Where a line holds the word "sums", copy it from the records.

[Records from a collection]

▼

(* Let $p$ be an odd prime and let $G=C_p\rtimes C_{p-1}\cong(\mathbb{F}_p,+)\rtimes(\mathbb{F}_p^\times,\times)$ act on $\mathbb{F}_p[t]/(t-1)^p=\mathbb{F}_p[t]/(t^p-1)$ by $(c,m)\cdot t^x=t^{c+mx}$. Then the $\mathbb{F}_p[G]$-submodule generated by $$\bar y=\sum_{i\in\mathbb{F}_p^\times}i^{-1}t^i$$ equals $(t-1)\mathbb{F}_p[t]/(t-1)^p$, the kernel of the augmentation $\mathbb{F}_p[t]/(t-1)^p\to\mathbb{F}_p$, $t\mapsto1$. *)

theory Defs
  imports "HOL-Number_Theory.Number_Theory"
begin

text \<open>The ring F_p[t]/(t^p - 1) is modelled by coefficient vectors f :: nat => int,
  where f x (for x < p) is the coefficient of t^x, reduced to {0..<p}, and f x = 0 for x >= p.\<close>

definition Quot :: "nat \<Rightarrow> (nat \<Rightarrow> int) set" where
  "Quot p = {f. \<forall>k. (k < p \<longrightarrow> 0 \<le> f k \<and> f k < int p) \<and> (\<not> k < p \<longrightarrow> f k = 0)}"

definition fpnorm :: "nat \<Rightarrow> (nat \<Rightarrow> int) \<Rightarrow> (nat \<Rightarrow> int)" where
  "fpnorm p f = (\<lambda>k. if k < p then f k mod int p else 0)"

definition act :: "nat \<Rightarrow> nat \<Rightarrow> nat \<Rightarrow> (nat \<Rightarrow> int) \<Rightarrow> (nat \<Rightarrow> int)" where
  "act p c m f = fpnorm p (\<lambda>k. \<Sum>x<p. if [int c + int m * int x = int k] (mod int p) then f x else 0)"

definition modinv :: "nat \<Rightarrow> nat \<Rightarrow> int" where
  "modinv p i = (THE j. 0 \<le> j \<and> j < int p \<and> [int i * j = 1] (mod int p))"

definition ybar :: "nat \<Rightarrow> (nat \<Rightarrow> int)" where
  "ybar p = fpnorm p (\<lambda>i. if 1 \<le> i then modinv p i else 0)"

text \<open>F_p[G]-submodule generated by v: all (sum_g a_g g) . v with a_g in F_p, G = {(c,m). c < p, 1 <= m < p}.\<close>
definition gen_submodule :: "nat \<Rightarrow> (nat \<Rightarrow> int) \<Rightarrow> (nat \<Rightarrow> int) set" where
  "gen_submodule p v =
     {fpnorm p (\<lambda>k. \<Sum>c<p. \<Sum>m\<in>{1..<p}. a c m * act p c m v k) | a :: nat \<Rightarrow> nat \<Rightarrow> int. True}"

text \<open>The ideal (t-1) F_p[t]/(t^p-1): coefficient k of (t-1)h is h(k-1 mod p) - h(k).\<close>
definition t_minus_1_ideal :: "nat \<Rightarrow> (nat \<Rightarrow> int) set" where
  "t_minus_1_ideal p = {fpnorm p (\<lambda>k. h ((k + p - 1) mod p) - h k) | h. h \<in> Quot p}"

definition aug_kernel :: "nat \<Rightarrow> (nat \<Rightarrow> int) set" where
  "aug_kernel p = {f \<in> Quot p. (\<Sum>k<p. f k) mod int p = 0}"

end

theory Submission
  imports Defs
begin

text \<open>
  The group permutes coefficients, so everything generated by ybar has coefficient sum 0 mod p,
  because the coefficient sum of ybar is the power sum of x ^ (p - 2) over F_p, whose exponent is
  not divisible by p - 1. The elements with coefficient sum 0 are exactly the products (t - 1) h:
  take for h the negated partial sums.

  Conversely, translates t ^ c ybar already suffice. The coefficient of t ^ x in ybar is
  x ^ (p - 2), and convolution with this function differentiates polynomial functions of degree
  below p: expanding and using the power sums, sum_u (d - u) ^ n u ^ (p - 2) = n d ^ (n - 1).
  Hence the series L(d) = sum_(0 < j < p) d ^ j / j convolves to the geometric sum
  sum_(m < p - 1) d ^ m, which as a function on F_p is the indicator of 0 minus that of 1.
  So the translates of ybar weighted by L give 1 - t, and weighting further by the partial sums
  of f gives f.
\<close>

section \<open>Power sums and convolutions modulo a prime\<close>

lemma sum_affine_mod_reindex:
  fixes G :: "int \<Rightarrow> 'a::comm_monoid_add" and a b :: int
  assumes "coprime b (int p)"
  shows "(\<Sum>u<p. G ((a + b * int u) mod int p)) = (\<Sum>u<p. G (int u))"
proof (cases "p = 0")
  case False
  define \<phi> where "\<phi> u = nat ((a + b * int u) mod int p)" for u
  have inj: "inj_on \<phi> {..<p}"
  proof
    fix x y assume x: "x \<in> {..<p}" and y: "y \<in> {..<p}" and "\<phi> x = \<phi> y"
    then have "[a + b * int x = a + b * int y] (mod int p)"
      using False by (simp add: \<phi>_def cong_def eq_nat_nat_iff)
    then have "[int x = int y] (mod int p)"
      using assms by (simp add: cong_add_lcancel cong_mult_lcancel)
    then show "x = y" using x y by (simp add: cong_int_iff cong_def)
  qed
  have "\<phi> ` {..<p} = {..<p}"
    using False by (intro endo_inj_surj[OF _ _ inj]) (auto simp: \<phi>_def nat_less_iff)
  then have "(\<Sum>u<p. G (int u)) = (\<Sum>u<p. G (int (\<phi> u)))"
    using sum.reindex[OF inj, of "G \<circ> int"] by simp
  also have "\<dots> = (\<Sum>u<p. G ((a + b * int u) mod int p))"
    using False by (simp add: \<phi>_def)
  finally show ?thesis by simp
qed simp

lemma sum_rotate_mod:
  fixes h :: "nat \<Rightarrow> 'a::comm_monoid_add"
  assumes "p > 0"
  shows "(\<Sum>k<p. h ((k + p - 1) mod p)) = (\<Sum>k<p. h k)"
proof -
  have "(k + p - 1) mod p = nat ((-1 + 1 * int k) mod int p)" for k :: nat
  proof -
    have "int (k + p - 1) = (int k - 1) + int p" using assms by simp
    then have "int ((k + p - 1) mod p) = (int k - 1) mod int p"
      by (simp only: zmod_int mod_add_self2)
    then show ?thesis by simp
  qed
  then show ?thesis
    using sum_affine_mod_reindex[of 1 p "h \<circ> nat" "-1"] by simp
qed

▲

Answer area:
  take for h the negated partial sums.
  below p: expanding and using the power sums, sum_u (d - u) ^ n u ^ (p - 2) = n d ^ (n - 1).
  So the translates of ybar weighted by L give 1 - t, and weighting further by the partial sums
section \<open>Power sums and convolutions modulo a prime\<close>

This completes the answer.